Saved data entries
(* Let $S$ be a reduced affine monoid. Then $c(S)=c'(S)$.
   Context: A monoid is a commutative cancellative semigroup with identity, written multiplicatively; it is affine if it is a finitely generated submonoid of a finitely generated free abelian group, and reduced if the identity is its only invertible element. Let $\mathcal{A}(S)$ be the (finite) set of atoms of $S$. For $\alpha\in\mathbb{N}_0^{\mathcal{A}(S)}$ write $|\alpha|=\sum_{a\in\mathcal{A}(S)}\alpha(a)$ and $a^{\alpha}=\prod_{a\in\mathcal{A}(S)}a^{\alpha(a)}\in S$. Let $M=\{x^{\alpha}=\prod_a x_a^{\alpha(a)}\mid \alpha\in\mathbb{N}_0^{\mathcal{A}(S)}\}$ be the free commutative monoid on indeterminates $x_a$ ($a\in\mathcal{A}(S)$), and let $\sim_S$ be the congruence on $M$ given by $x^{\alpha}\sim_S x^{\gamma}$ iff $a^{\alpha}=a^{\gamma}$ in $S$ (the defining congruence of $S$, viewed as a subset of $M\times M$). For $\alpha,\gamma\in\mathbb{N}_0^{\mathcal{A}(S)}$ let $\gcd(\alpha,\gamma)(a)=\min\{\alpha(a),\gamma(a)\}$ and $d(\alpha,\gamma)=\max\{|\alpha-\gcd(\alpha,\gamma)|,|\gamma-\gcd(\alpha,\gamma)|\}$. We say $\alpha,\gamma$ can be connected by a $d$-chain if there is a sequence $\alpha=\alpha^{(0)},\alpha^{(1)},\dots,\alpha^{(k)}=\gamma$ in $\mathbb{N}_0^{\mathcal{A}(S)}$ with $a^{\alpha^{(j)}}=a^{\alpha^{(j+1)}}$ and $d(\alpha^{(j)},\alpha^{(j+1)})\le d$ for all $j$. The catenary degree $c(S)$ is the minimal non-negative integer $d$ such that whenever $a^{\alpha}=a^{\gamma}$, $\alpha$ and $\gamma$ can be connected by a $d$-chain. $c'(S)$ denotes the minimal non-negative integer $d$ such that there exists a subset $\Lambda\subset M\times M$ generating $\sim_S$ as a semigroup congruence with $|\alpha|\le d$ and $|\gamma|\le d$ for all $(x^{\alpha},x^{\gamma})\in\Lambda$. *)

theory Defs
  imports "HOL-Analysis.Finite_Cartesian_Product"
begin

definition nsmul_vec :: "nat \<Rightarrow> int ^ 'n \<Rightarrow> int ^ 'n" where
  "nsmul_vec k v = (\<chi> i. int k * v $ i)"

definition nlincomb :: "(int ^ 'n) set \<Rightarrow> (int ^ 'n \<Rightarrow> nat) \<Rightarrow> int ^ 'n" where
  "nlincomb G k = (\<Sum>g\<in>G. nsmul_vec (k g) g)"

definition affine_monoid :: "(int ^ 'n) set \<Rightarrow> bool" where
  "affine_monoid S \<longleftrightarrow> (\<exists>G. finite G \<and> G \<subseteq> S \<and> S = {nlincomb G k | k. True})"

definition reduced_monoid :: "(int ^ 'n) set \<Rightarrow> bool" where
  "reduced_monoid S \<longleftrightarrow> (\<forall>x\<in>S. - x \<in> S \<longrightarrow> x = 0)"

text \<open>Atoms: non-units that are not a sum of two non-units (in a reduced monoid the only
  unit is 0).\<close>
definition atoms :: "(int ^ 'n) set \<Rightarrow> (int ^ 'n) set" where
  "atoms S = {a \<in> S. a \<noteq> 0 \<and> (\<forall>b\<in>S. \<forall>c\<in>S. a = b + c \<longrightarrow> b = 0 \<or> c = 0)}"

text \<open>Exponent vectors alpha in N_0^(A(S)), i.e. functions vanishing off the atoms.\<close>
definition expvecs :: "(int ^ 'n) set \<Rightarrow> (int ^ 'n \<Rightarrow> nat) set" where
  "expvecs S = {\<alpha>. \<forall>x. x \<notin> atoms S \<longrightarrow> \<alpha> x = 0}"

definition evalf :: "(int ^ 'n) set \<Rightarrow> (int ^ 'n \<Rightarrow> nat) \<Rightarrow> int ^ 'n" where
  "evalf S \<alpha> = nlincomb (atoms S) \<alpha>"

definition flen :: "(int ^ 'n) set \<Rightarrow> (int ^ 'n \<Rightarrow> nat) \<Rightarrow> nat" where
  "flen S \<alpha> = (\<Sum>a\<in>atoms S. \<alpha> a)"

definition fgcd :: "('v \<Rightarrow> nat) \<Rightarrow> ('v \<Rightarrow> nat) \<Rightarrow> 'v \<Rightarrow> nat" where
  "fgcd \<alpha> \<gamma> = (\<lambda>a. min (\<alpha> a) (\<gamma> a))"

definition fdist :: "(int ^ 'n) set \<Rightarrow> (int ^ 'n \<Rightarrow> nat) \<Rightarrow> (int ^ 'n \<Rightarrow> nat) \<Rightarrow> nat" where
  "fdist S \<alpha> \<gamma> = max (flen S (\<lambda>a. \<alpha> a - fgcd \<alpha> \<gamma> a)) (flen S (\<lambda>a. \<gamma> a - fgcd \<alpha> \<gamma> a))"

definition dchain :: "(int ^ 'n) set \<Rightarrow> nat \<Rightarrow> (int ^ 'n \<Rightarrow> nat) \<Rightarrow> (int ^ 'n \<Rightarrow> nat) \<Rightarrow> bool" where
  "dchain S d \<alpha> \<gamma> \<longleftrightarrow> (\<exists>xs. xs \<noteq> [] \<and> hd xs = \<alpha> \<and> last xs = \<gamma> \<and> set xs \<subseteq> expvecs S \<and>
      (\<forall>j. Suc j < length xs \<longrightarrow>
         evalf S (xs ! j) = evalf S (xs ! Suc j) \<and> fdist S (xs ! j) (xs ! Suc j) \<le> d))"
--
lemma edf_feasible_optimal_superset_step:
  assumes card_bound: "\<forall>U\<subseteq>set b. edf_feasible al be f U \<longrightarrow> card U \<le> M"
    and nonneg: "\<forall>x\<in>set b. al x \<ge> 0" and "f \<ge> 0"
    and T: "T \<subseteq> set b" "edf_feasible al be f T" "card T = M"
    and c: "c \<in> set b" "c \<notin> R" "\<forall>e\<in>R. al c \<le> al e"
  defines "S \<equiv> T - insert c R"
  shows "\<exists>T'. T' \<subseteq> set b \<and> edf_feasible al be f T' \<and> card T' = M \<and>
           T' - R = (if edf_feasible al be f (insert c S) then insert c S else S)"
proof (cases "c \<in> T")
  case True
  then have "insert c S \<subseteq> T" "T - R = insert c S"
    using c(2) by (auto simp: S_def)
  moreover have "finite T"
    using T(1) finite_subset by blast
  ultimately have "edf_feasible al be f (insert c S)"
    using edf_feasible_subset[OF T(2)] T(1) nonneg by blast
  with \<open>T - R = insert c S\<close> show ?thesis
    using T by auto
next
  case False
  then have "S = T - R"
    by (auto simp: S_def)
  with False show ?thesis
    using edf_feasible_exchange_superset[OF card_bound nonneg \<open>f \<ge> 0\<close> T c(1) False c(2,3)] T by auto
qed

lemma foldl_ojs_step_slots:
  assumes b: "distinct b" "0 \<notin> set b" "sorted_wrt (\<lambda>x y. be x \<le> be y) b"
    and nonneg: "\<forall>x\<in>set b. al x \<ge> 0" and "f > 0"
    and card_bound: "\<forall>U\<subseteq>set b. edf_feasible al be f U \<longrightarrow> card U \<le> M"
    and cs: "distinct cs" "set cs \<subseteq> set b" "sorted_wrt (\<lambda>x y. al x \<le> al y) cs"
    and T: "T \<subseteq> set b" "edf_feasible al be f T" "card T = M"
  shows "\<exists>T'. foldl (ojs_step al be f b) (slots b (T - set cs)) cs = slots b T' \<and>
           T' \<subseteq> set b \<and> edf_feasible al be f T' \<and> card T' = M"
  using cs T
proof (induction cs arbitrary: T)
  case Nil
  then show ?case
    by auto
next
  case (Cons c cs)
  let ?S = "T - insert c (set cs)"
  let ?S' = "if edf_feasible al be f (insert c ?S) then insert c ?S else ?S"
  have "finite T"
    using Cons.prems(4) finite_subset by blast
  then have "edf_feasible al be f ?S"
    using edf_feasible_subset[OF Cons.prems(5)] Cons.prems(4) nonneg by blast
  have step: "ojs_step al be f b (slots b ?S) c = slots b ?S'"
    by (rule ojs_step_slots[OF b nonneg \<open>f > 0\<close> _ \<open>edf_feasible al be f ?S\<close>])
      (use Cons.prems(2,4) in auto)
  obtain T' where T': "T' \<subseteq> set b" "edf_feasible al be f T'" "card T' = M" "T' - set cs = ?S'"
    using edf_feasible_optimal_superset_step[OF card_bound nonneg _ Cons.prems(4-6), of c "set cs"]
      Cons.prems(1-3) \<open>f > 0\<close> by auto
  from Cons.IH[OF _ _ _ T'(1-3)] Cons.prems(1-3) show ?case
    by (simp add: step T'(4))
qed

**Task to complete**
Wherever the string "using" appears in the records above, copy the line it sits in.

**Result below**
    using c(2) by (auto simp: S_def)
    using T(1) finite_subset by blast
    using edf_feasible_subset[OF T(2)] T(1) nonneg by blast
    using T by auto
    using edf_feasible_exchange_superset[OF card_bound nonneg \<open>f \<ge> 0\<close> T c(1) False c(2,3)] T by auto
  using cs T
    using Cons.prems(4) finite_subset by blast
    using edf_feasible_subset[OF Cons.prems(5)] Cons.prems(4) nonneg by blast
    using edf_feasible_optimal_superset_step[OF card_bound nonneg _ Cons.prems(4-6), of c "set cs"]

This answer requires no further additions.